▶ Activity: Wherever the word "ultimately" shows up in the data, report the line it sits in.

(Stored dataset items)
text \<open>If the level set of \<open>es ! i\<close> is the first cut, the strictly larger values of y do
  not form a cut: they lie in the level set of \<open>es ! (i - 1)\<close>, or are empty for \<open>i = 0\<close>.\<close>
lemma path_below_first_cut_threshold:
  assumes sorted: "sorted_wrt (\<lambda>a b. y a \<ge> (y b :: real)) es" and "set es = E"
    and "i < length es"
    and first: "\<forall>j<i. \<not> is_st_cut E s t {e \<in> E. y e \<ge> y (es ! j)}"
    and path: "simple_st_path E s t P"
  obtains p where "simple_st_path E s t p" "\<forall>e\<in>set (path_edges p). y e \<le> y (es ! i)"
proof -
  let ?above = "{e\<in>E. y (es ! i) < y e}"
  have earlier: "\<exists>k<i. es ! k = e" if "e \<in> ?above" for e
    using sorted_desc_larger_value_earlier[OF sorted assms(3)] assms(2) that by blast
  have "\<not> is_st_cut E s t ?above"
  proof (cases i)
    case 0
    then have "?above = {}" using earlier by blast
    with not_st_cut_empty[OF path] show ?thesis by argo
  next
    case (Suc j)
    have "?above \<subseteq> {e \<in> E. y e \<ge> y (es ! j)}"
    proof
      fix e assume e: "e \<in> ?above"
      then obtain k where "k < i" "es ! k = e" using earlier by blast
      then have "y (es ! j) \<le> y e"
        using sorted_desc_nth_antimono[OF sorted, of k j] Suc assms(3) by simp
      with e show "e \<in> {e \<in> E. y e \<ge> y (es ! j)}" by simp
    qed
    moreover have "\<not> is_st_cut E s t {e \<in> E. y e \<ge> y (es ! j)}" using first Suc by simp
    ultimately show ?thesis
      using is_st_cut_mono[of E s t ?above "{e \<in> E. y e \<ge> y (es ! j)}"] by blast
  qed
  then obtain p where p: "simple_st_path E s t p" "set (path_edges p) \<inter> ?above = {}"
    using not_st_cut_obtain_path[of ?above E s t] by blast
  have "y e \<le> y (es ! i)" if "e \<in> set (path_edges p)" for e
    using p that by (auto simp: simple_st_path_def)
  with p(1) show ?thesis using that by blast
qed

lemma relax_feasible_threshold_bound:
  assumes feas: "relax_feasible E s t x y" and p: "simple_st_path E s t p"
    and below: "\<forall>e\<in>set (path_edges p). y e \<le> \<theta>"
  shows "0 < \<theta>" "1 / \<theta> \<le> real (length (path_edges p))"
proof -
  have edge: "\<forall>u v. (u, v) \<in> E \<longrightarrow> - x u + x v + y (u, v) \<ge> 0"
    using feas by (simp add: relax_feasible_def)
  have "p \<noteq> []" "set (path_edges p) \<subseteq> E" "hd p = s" "last p = t"
    using p by (simp_all add: simple_st_path_def)
  moreover have "1 \<le> x s - x t" using feas by (simp add: relax_feasible_def)
  ultimately have "1 \<le> sum_list (map y (path_edges p))"
    using potential_drop_le_path_sum[OF _ _ edge, of p] by simp
  also have "\<dots> \<le> real (length (path_edges p)) * \<theta>"
    using below sum_list_mono[of "path_edges p" y "\<lambda>_. \<theta>"] by (simp add: sum_list_triv)
  finally have one: "1 \<le> real (length (path_edges p)) * \<theta>" .
  show pos: "0 < \<theta>"
  proof (rule ccontr)
    assume "\<not> 0 < \<theta>"
    then have "real (length (path_edges p)) * \<theta> \<le> 0" by (simp add: mult_nonneg_nonpos)
    with one show False by simp
  qed
  from one pos show "1 / \<theta> \<le> real (length (path_edges p))" by (simp add: divide_le_eq)
qed

theorem lemma9:
  fixes V :: "'v set" and E :: "('v \<times> 'v) set" and s t :: 'v
    and f :: "('v \<times> 'v) set \<Rightarrow> real"
    and Cstar Chat :: "('v \<times> 'v) set"
    and xs :: "'v \<Rightarrow> real" and ys :: "('v \<times> 'v) \<Rightarrow> real"
    and es :: "('v \<times> 'v) list" and i :: nat
    and Pmax :: "'v list"
  assumes finV: "finite V" and EV: "E \<subseteq> V \<times> V"
    and sV: "s \<in> V" and tV: "t \<in> V" and st: "s \<noteq> t"
    and f_norm: "normalized f" and f_nonneg: "nonneg_on E f"
    and f_mono: "monotone_set_fun E f" and f_sub: "submodular E f"
    and Cstar_cut: "is_st_cut E s t Cstar"
    and Cstar_min: "\<forall>C. is_st_cut E s t C \<longrightarrow> f Cstar \<le> f C"
    and opt_feas: "relax_feasible E s t xs ys"
    and opt_min: "\<forall>x y. relax_feasible E s t x y \<longrightarrow> lovasz_ext E f ys \<le> lovasz_ext E f y"
    and xs_01: "\<forall>v\<in>V. 0 \<le> xs v \<and> xs v \<le> 1"
    and ys_01: "\<forall>e\<in>E. 0 \<le> ys e \<and> ys e \<le> 1"
    and es_enum: "distinct es" "set es = E"
    and es_sorted: "sorted_wrt (\<lambda>a b. ys a \<ge> ys b) es"
    and i_range: "i < length es"
    and i_cut: "is_st_cut E s t {e \<in> E. ys e \<ge> ys (es ! i)}"
    and i_first: "\<forall>j<i. \<not> is_st_cut E s t {e \<in> E. ys e \<ge> ys (es ! j)}"
    and Chat_sub: "Chat \<subseteq> {e \<in> E. ys e \<ge> ys (es ! i)}"
    and Chat_min: "is_minimal_st_cut E s t Chat"
    and Pmax_path: "simple_st_path E s t Pmax"
    and Pmax_longest: "\<forall>p. simple_st_path E s t p \<longrightarrow> length p \<le> length Pmax"
  shows "f Chat \<le> (1 / ys (es ! i)) * f Cstar \<and>
         (1 / ys (es ! i)) * f Cstar \<le> real (length (path_edges Pmax)) * f Cstar \<and>
         real (length (path_edges Pmax)) * f Cstar \<le> (real (card V) - 1) * f Cstar"
proof -
  define \<theta> where "\<theta> = ys (es ! i)"
  have finE: "finite E" using finite_subset[OF EV] finV by blast
  have fCstar: "0 \<le> f Cstar" using f_nonneg Cstar_cut by (simp add: nonneg_on_def is_st_cut_def)
  obtain p where p: "simple_st_path E s t p" "\<forall>e\<in>set (path_edges p). ys e \<le> \<theta>"
    using path_below_first_cut_threshold[OF es_sorted es_enum(2) i_range i_first Pmax_path]
    unfolding \<theta>_def by blast
  note pos = relax_feasible_threshold_bound(1)[OF opt_feas p]
  have "length (path_edges p) \<le> length (path_edges Pmax)"
    using Pmax_longest p(1) by (simp add: length_path_edges diff_le_mono)
  then have "1 / \<theta> \<le> real (length (path_edges Pmax))"
    using relax_feasible_threshold_bound(2)[OF opt_feas p] by linarith
  then have part2: "1 / \<theta> * f Cstar \<le> real (length (path_edges Pmax)) * f Cstar"
    using fCstar by (rule mult_right_mono)
  have "\<theta> \<in> ys ` E" using i_range es_enum(2) unfolding \<theta>_def by (metis image_eqI nth_mem)
  then have "\<theta> * f {e\<in>E. \<theta> \<le> ys e} \<le> f Cstar"
    using lovasz_ext_ge_level[OF finE f_nonneg f_mono _ pos]
      lovasz_ext_relax_optimum_le_cut[OF f_norm Cstar_cut opt_min] by (meson order_trans)
  moreover have "f Chat \<le> f {e\<in>E. \<theta> \<le> ys e}"
    using f_mono Chat_sub unfolding monotone_set_fun_def \<theta>_def by blast
  ultimately have "\<theta> * f Chat \<le> f Cstar" using pos by (meson less_imp_le mult_left_mono order_trans)
  with pos have part1: "f Chat \<le> 1 / \<theta> * f Cstar" by (simp add: pos_le_divide_eq mult.commute)
  have part3: "real (length (path_edges Pmax)) * f Cstar \<le> (real (card V) - 1) * f Cstar"
    using simple_st_path_length_le_card[OF Pmax_path EV finV sV] fCstar by (rule mult_right_mono)
  show ?thesis using part1 part2 part3 unfolding \<theta>_def by blast
qed

end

▶ Exercise output:
    ultimately show ?thesis
  ultimately have "1 \<le> sum_list (map y (path_edges p))"
  ultimately have "\<theta> * f Chat \<le> f Cstar" using pos by (meson less_imp_le mult_left_mono order_trans)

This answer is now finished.